SEO and Your Content After the Panda Update

Those interested in SEO have always needed to have good, grammatically correct, unique and fresh content.  But that just got a whole lot more important.

Those in the SEO world know of the infamous Panda update that was implemented in Google in February and March of 2011 and we’ve seen evidence of some updates to the update that have trickled through in the months that followed.  The Panda update was a major refinement to how Google looks at content.  Before this update Google was big on looking for duplicate content, spammy and poorly written content, but this update took it a step further to essentially seek out users of content farms.  Some websites, instead of writing their own content would buy content from a content farm company.  This content didn’t fall into any of the criteria they were already looking for as it was well written, grammatically correct, with no spelling errors and was unique enough to avoid the duplicate content issue, but still wrong because it wasn’t their own content.  Most sites that used this type of content didn’t care how trustworthy it was and mainly just wanted an avenue to collect Adsense revenue – not offering a quality, trustworthy website.

What happened when the update went through is that it not just affected sites who fit the criteria of content from a content farm, it also hit hard sites with not a lot of content  and sites that had poor content but not poor enough to have their rankings affected before.  As one example we saw was a transportation client who insisted on having a list of areas they served mixed in with their content, which was not the best written content, was enough to not be hurt by Google’s original poor quality score.  I did our best to warn them the content was questionable, but the insisted on leaving it there.  The site was growing in the search engines at a nice consistent rate, but once the update went through, sure enough their site dropped into oblivion.

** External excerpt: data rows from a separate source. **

lemma rho_op_index:
  assumes a: "a1 < m" "a2 < d" "b1 < m" "b2 < d" and a': "a1' < m" "a2' < d" "b1' < m" "b2' < d"
  shows "rho_op m d \<epsilon> \<delta> $$ ((a1 * d + a2) * (m * d) + (b1 * d + b2), (a1' * d + a2') * (m * d) + (b1' * d + b2'))
    = of_bool (a1 = a1' \<and> b1 = b1') * of_bool (a2 = a2' \<and> b2 = b2')
    + of_real ((real d * \<epsilon> - 1) / real d) * (of_bool (a1 = a1' \<and> b1 = b1') * of_bool (a2 = b2' \<and> b2 = a2'))
    + of_real ((real m * \<epsilon> - 1) / real m) * (of_bool (a1 = b1' \<and> b1 = a1') * of_bool (a2 = a2' \<and> b2 = b2'))
    + of_real ((1 - (real m + real d) * \<epsilon> + real d * real m * \<delta>) / (real d * real m))
        * (of_bool (a1 = b1' \<and> b1 = a1') * of_bool (a2 = b2' \<and> b2 = a2'))"
proof -
  let ?r = "(a1 * m + b1) * (d * d) + (a2 * d + b2)" and ?r' = "(a1' * m + b1') * (d * d) + (a2' * d + b2')"
  have p: "a1 * m + b1 < m * m" "a1' * m + b1' < m * m" "a2 * d + b2 < d * d" "a2' * d + b2' < d * d"
    using a a' pair_index_less by auto
  have r: "?r < m * m * (d * d)" "?r' < m * m * (d * d)" using p pair_index_less by auto
  have one: "(1\<^sub>m (k * k) :: complex mat) \<in> carrier_mat (k * k) (k * k)" for k by simp
  have kron: "kron (1\<^sub>m (m * m)) (1\<^sub>m (d * d)) $$ (?r, ?r') = of_bool (a1 = a1' \<and> b1 = b1') * of_bool (a2 = a2' \<and> b2 = b2')"
    "kron (1\<^sub>m (m * m)) (swap_op d) $$ (?r, ?r') = of_bool (a1 = a1' \<and> b1 = b1') * of_bool (a2 = b2' \<and> b2 = a2')"
    "kron (swap_op m) (1\<^sub>m (d * d)) $$ (?r, ?r') = of_bool (a1 = b1' \<and> b1 = a1') * of_bool (a2 = a2' \<and> b2 = b2')"
    "kron (swap_op m) (swap_op d) $$ (?r, ?r') = of_bool (a1 = b1' \<and> b1 = a1') * of_bool (a2 = b2' \<and> b2 = a2')"
    by (subst kron_index[OF _ _ p], (rule one swap_op_carrier)+,
        simp add: one_mat_pair_index swap_op_index a a')+
  have dims: "dim_row (kron X Y) = dim_row X * dim_row Y" "dim_col (kron X Y) = dim_col X * dim_col Y"
    "dim_row (swap_op k) = k * k" "dim_col (swap_op k) = k * k" for X Y k
    unfolding kron_def swap_op_def by simp_all
  have "rho_op m d \<epsilon> \<delta> $$ ((a1 * d + a2) * (m * d) + (b1 * d + b2), (a1' * d + a2') * (m * d) + (b1' * d + b2'))
      = (kron (1\<^sub>m (m * m)) (1\<^sub>m (d * d))
        + complex_of_real ((real d * \<epsilon> - 1) / real d) \<cdot>\<^sub>m kron (1\<^sub>m (m * m)) (swap_op d)
        + complex_of_real ((real m * \<epsilon> - 1) / real m) \<cdot>\<^sub>m kron (swap_op m) (1\<^sub>m (d * d))
        + complex_of_real ((1 - (real m + real d) * \<epsilon> + real d * real m * \<delta>) / (real d * real m)) \<cdot>\<^sub>m kron (swap_op m) (swap_op d)) $$ (?r, ?r')"
    unfolding rho_op_def
    by (rule regroup_index[OF _ a a']) (intro add_carrier_mat smult_carrier_mat kron_carrier one swap_op_carrier)
  then show ?thesis using r by (simp add: dims kron del: One_nat_def)
qed

section \<open>The witness\<close>

text \<open>\<open>swap_trace n X = tr (X F)\<close> for the swap \<open>F\<close> of the two factors of \<open>\<complex>\<^sup>n \<otimes> \<complex>\<^sup>n\<close>, and
  \<open>partial_swap_trace m d X = tr (X (F\<^sub>m \<otimes> \<one>\<^sub>d))\<close> on \<open>H\<^sub>A \<otimes> H\<^sub>B\<close>.\<close>
definition swap_trace :: "nat \<Rightarrow> complex mat \<Rightarrow> complex" where
  "swap_trace n X = (\<Sum>p<n. \<Sum>q<n. X $$ (p * n + q, q * n + p))"

definition partial_swap_trace :: "nat \<Rightarrow> nat \<Rightarrow> complex mat \<Rightarrow> complex" where
  "partial_swap_trace m d X = (\<Sum>a1<m. \<Sum>a2<d. \<Sum>b1<m. \<Sum>b2<d.
     X $$ ((a1 * d + a2) * (m * d) + (b1 * d + b2), (b1 * d + a2) * (m * d) + (a1 * d + b2)))"

definition witness :: "nat \<Rightarrow> nat \<Rightarrow> complex mat \<Rightarrow> complex" where
  "witness m d X = of_nat m * partial_swap_trace m d X - swap_trace (m * d) X"

lemma witness_kron_nonneg:
  assumes "psd (m * d) A" "psd (m * d) B" "0 < d"
  shows "0 \<le> Re (witness m d (kron A B))"
proof -
  have A: "A \<in> carrier_mat (m * d) (m * d)" and B: "B \<in> carrier_mat (m * d) (m * d)"
    using assms unfolding psd_def by auto
  have "swap_trace (m * d) (kron A B) = (\<Sum>p<m * d. \<Sum>q<m * d. A $$ (p,q) * B $$ (q,p))"
    unfolding swap_trace_def by (intro sum.cong refl) (simp add: kron_index[OF A B])
  also have "\<dots> = trace_prod ({..<m} \<times> {..<d}) (mat_kernel d A) (mat_kernel d B)"
    unfolding trace_prod_def sum_lessThan_mult_pairs sum.cartesian_product' mat_kernel_def by simp
  finally have swap: "swap_trace (m * d) (kron A B) = \<dots>" .
  have "partial_swap_trace m d (kron A B)
      = (\<Sum>a1<m. \<Sum>a2<d. \<Sum>b1<m. \<Sum>b2<d. mat_kernel d A (a1,a2) (b1,a2) * mat_kernel d B (b1,b2) (a1,b2))"
    unfolding partial_swap_trace_def mat_kernel_def
    by (intro sum.cong refl) (simp add: kron_index[OF A B] pair_index_less)
  also have "\<dots> = (\<Sum>a1<m. \<Sum>b1<m. \<Sum>a2<d. \<Sum>b2<d. mat_kernel d A (a1,a2) (b1,a2) * mat_kernel d B (b1,b2) (a1,b2))"
    by (rule sum.cong[OF refl], rule sum.swap)
  also have "\<dots> = trace_prod {..<m} (ptrace2 {..<d} (mat_kernel d A)) (ptrace2 {..<d} (mat_kernel d B))"
    unfolding trace_prod_def ptrace2_def sum_product ..
  finally have pswap: "partial_swap_trace m d (kron A B) = \<dots>" .
  have "Re (trace_prod ({..<m} \<times> {..<d}) (mat_kernel d A) (mat_kernel d B))
      \<le> card {..<m} * Re (trace_prod {..<m} (ptrace2 {..<d} (mat_kernel d A)) (ptrace2 {..<d} (mat_kernel d B)))"
    using psd_mat_kernel[OF assms(1)] psd_mat_kernel[OF assms(2)] \<open>0 < d\<close>
    by (intro trace_prod_le_card_ptrace2) auto
  then show ?thesis unfolding witness_def swap pswap by simp
qed

lemma witness_add:
  assumes "X \<in> carrier_mat (m * d * (m * d)) (m * d * (m * d))" "Y \<in> carrier_mat (m * d * (m * d)) (m * d * (m * d))"
  shows "witness m d (X + Y) = witness m d X + witness m d Y"
proof -
  have "swap_trace (m * d) (X + Y) = swap_trace (m * d) X + swap_trace (m * d) Y"
    unfolding swap_trace_def sum.distrib[symmetric]
    using assms pair_index_less[of _ "m * d" _ "m * d"] by (intro sum.cong refl) simp
  moreover have "partial_swap_trace m d (X + Y) = partial_swap_trace m d X + partial_swap_trace m d Y"
    unfolding partial_swap_trace_def sum.distrib[symmetric]
    using assms quad_index_less[of _ m _ d _ m _ d] by (intro sum.cong refl) simp
  ultimately show ?thesis unfolding witness_def by (simp add: algebra_simps)
qed

lemma witness_zero: "witness m d (0\<^sub>m (m * d * (m * d)) (m * d * (m * d))) = 0"
proof -
  have "swap_trace (m * d) (0\<^sub>m (m * d * (m * d)) (m * d * (m * d))) = 0"
    unfolding swap_trace_def using pair_index_less[of _ "m * d" _ "m * d"]
    by (intro sum.neutral ballI) simp
  moreover have "partial_swap_trace m d (0\<^sub>m (m * d * (m * d)) (m * d * (m * d))) = 0"
    unfolding partial_swap_trace_def using quad_index_less[of _ m _ d _ m _ d]
    by (intro sum.neutral ballI) simp
  ultimately show ?thesis unfolding witness_def by simp
qed

lemma separable_witness_nonneg:
  assumes "separable (m * d) (m * d) X" "0 < d"
  shows "0 \<le> Re (witness m d X)"
proof -
  obtain xs where psd: "\<forall>(A,B) \<in> set xs. psd (m * d) A \<and> psd (m * d) B"
    and X: "X = foldr (\<lambda>(A,B) acc. kron A B + acc) xs (0\<^sub>m (m * d * (m * d)) (m * d * (m * d)))"
    using assms(1) unfolding separable_def by blast
  have "X \<in> carrier_mat (m * d * (m * d)) (m * d * (m * d)) \<and> 0 \<le> Re (witness m d X)"
    using psd unfolding X
  proof (induction xs)
    case Nil
    then show ?case by (simp add: witness_zero)
  next
    case (Cons AB xs)
    obtain A B where AB: "AB = (A,B)" "psd (m * d) A" "psd (m * d) B"
      using Cons.prems by (cases AB) auto
    then have "kron A B \<in> carrier_mat (m * d * (m * d)) (m * d * (m * d))"
      unfolding psd_def by (auto intro: kron_carrier)
    then show ?case
      using Cons witness_add witness_kron_nonneg[OF AB(2,3) assms(2)] AB(1) by auto
  qed
  then show ?thesis ..
qed

lemma witness_rho_op:
  assumes "0 < m" "0 < d"
  shows "Re (witness m d (rho_op m d \<epsilon> \<delta>))
    = m * (\<epsilon> * real m ^ 2 * (real d ^ 2 - 1) + real d * real m * \<delta> * (real m - real d))"
proof -
  define c1 where "c1 = (real d * \<epsilon> - 1) / real d"
  define c2 where "c2 = (real m * \<epsilon> - 1) / real m"
  define c3 where "c3 = (1 - (real m + real d) * \<epsilon> + real d * real m * \<delta>) / (real d * real m)"
  have "swap_trace (m * d) (rho_op m d \<epsilon> \<delta>) = (\<Sum>a1<m. \<Sum>a2<d. \<Sum>b1<m. \<Sum>b2<d.
      of_bool (a1 = b1) * of_bool (a2 = b2) + of_real c1 * of_bool (a1 = b1) + of_real c2 * of_bool (a2 = b2) + of_real c3)"
    unfolding swap_trace_def sum_lessThan_mult_pairs unfolding c1_def c2_def c3_def
    by (intro sum.cong refl) (subst rho_op_index; auto)
  also have "\<dots> = of_real (m * d + c1 * (m * d * d) + c2 * (m * m * d) + c3 * (m * m * d * d))"
    by (simp add: sum.distrib algebra_simps flip: sum_distrib_left sum_distrib_right)
  finally have swap: "swap_trace (m * d) (rho_op m d \<epsilon> \<delta>) = \<dots>" .
  have "partial_swap_trace m d (rho_op m d \<epsilon> \<delta>) = (\<Sum>a1<m. \<Sum>a2<d. \<Sum>b1<m. \<Sum>b2<d.
      of_bool (a1 = b1) + of_real c1 * (of_bool (a1 = b1) * of_bool (a2 = b2)) + of_real c2 + of_real c3 * of_bool (a2 = b2))"
    unfolding partial_swap_trace_def unfolding c1_def c2_def c3_def
    by (intro sum.cong refl) (subst rho_op_index; auto)
  also have "\<dots> = of_real (m * d * d + c1 * (m * d) + c2 * (m * m * d * d) + c3 * (m * m * d))"
    by (simp add: sum.distrib algebra_simps flip: sum_distrib_left sum_distrib_right)
  finally have pswap: "partial_swap_trace m d (rho_op m d \<epsilon> \<delta>) = \<dots>" .
  show ?thesis
    unfolding witness_def swap pswap c1_def c2_def c3_def
    using assms by (simp add: field_simps power2_eq_square)
qed
lemma server_consistent_snoc:
  "server_consistent srv (qs @ [p]) \<longleftrightarrow>
    server_consistent srv qs \<and> snd p = srv (Suc (length qs)) (map fst qs)"
  unfolding server_consistent_def
  by (simp add: All_less_Suc nth_append conj_commute)

lemma client_consistent_snoc:
  "client_consistent cli (qs @ [p]) \<longleftrightarrow>
    client_consistent cli qs \<and> fst p = cli (Suc (length qs)) (map snd qs @ [snd p])"
  unfolding client_consistent_def
  by (simp add: All_less_Suc nth_append conj_commute)

text \<open>Each of the two conditions involves the message functions of only one party; this is what
  makes the events \<open>view = v\<close> rectangles in the independent parts of the sample.\<close>

lemma run_rounds_eq_iff:
  "run_rounds r srv cli = ps \<longleftrightarrow>
    length ps = r \<and> server_consistent srv ps \<and> client_consistent cli ps"
proof (induction r arbitrary: ps)
  case 0
  then show ?case by (auto simp: run_rounds_def server_consistent_def client_consistent_def)
next
  case (Suc r)
  have run: "run_rounds (Suc r) srv cli = (let ps = run_rounds r srv cli; s = srv (Suc r) (map fst ps);
      c = cli (Suc r) (map snd ps @ [s]) in ps @ [(c, s)])"
    by (simp add: run_rounds_def Let_def)
  show ?case
  proof (cases ps rule: rev_exhaust)
    case Nil
    then show ?thesis by (simp add: run Let_def)
  next
    case (snoc qs p)
    obtain c s where p: "p = (c, s)" by (cases p)
    show ?thesis
      unfolding snoc p run Let_def append1_eq_conv server_consistent_snoc client_consistent_snoc
      using Suc.IH[of qs] by auto
  qed
qed

lemma measure_pair_pmf_Times:
  assumes "finite (set_pmf A)" "finite (set_pmf B)"
  shows "measure_pmf.prob (pair_pmf A B) (X \<times> Y) = measure_pmf.prob A X * measure_pmf.prob B Y"
proof -
  have "(X \<times> Y) \<inter> set_pmf (pair_pmf A B) = (X \<inter> set_pmf A) \<times> (Y \<inter> set_pmf B)"
    by (auto simp: set_pair_pmf)
  then have "measure_pmf.prob (pair_pmf A B) (X \<times> Y)
      = measure_pmf.prob (pair_pmf A B) ((X \<inter> set_pmf A) \<times> (Y \<inter> set_pmf B))"
    by (metis measure_Int_set_pmf)
  also have "\<dots> = measure_pmf.prob A (X \<inter> set_pmf A) * measure_pmf.prob B (Y \<inter> set_pmf B)"
    by (rule measure_pmf_prob_product) (use assms in \<open>auto intro: countable_finite\<close>)
  finally show ?thesis by (simp add: measure_Int_set_pmf)
qed

lemma markov_chain_if_rectangles:
  fixes M :: "'w pmf" and sa :: "'w \<Rightarrow> 'a" and sb :: "'w \<Rightarrow> 'b"
  assumes indep: "\<And>\<Phi> \<Psi>. measure_pmf.prob M {w. \<Phi> (sa w) \<and> \<Psi> (sb w)} = q1 \<Phi> * q2 \<Psi>"
    and V: "\<And>v. \<exists>\<Phi>0 \<Psi>0. \<forall>w. V w = v \<longleftrightarrow> \<Phi>0 (sa w) \<and> \<Psi>0 (sb w)"
    and F: "\<And>w. F w = f (sa w)" and R: "\<And>w. R w = r (sb w)"
  shows "markov_chain M F V R"
  unfolding markov_chain_def
proof (intro allI)
  fix A v B
  from V[of v] obtain \<Phi>0 \<Psi>0 where v: "\<forall>w. V w = v \<longleftrightarrow> \<Phi>0 (sa w) \<and> \<Psi>0 (sb w)" by (elim exE)
  have sets: "{w. F w \<in> A \<and> V w = v \<and> R w \<in> B} = {w. (f (sa w) \<in> A \<and> \<Phi>0 (sa w)) \<and> (\<Psi>0 (sb w) \<and> r (sb w) \<in> B)}"
    "{w. V w = v} = {w. \<Phi>0 (sa w) \<and> \<Psi>0 (sb w)}"
    "{w. F w \<in> A \<and> V w = v} = {w. (f (sa w) \<in> A \<and> \<Phi>0 (sa w)) \<and> \<Psi>0 (sb w)}"
    "{w. V w = v \<and> R w \<in> B} = {w. \<Phi>0 (sa w) \<and> (\<Psi>0 (sb w) \<and> r (sb w) \<in> B)}"
    using v by (auto simp: F R)
  show "measure_pmf.prob M {w. F w \<in> A \<and> V w = v \<and> R w \<in> B} * measure_pmf.prob M {w. V w = v}
    = measure_pmf.prob M {w. F w \<in> A \<and> V w = v} * measure_pmf.prob M {w. V w = v \<and> R w \<in> B}"
    unfolding sets
    using indep[of "\<lambda>a. f a \<in> A \<and> \<Phi>0 a" "\<lambda>b. \<Psi>0 b \<and> r b \<in> B"] indep[of \<Phi>0 \<Psi>0]
      indep[of "\<lambda>a. f a \<in> A \<and> \<Phi>0 a" \<Psi>0] indep[of \<Phi>0 "\<lambda>b. \<Psi>0 b \<and> r b \<in> B"]
    by (simp add: mult_ac)
qed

So the lesson to learn from this?  If SEO is important than you need to invest time in your content.  I recommend the following:

  • Don’t skimp on writing good content.  Take the time to sit down and not while you are multi-tasking or trying to answer phone calls.
  • Be organized. Start by mapping out your pages, from there write the content for each page and also think of what applicable photos can be added to help visually communicate what that content is about.
  • Write a good amount of content.  One 3 sentence paragraph is not enough and sends a clear message that you just don’t care about your website or don’t have much to say about your products or services.
  • Don’t write TOO much content.  No one will site on your site to read a novel.  Find the right balance of saying what you need to say to promote and sell your product and service without rambling on with a full page of written content.
  • Don’t be afraid to hire someone to write for you. Not everyone can write well in their native language and it’s nothing to be ashamed about.  I’m terrible at math and I’m the first one to admit it.  I’m not ashamed of it, it’s just not my strength.   There are copywriters that are affordable and will ensure you have good, well written and thoughtful content, whether they start with your base writing or interview you and write it themselves.

In the end you can’t just write for the search engines.  Make sure your passion about your products and services and all the reasons why someone should pick your company over your competitor are poured on to those pages.  That will give you great content and the visitors and the search engines will love you.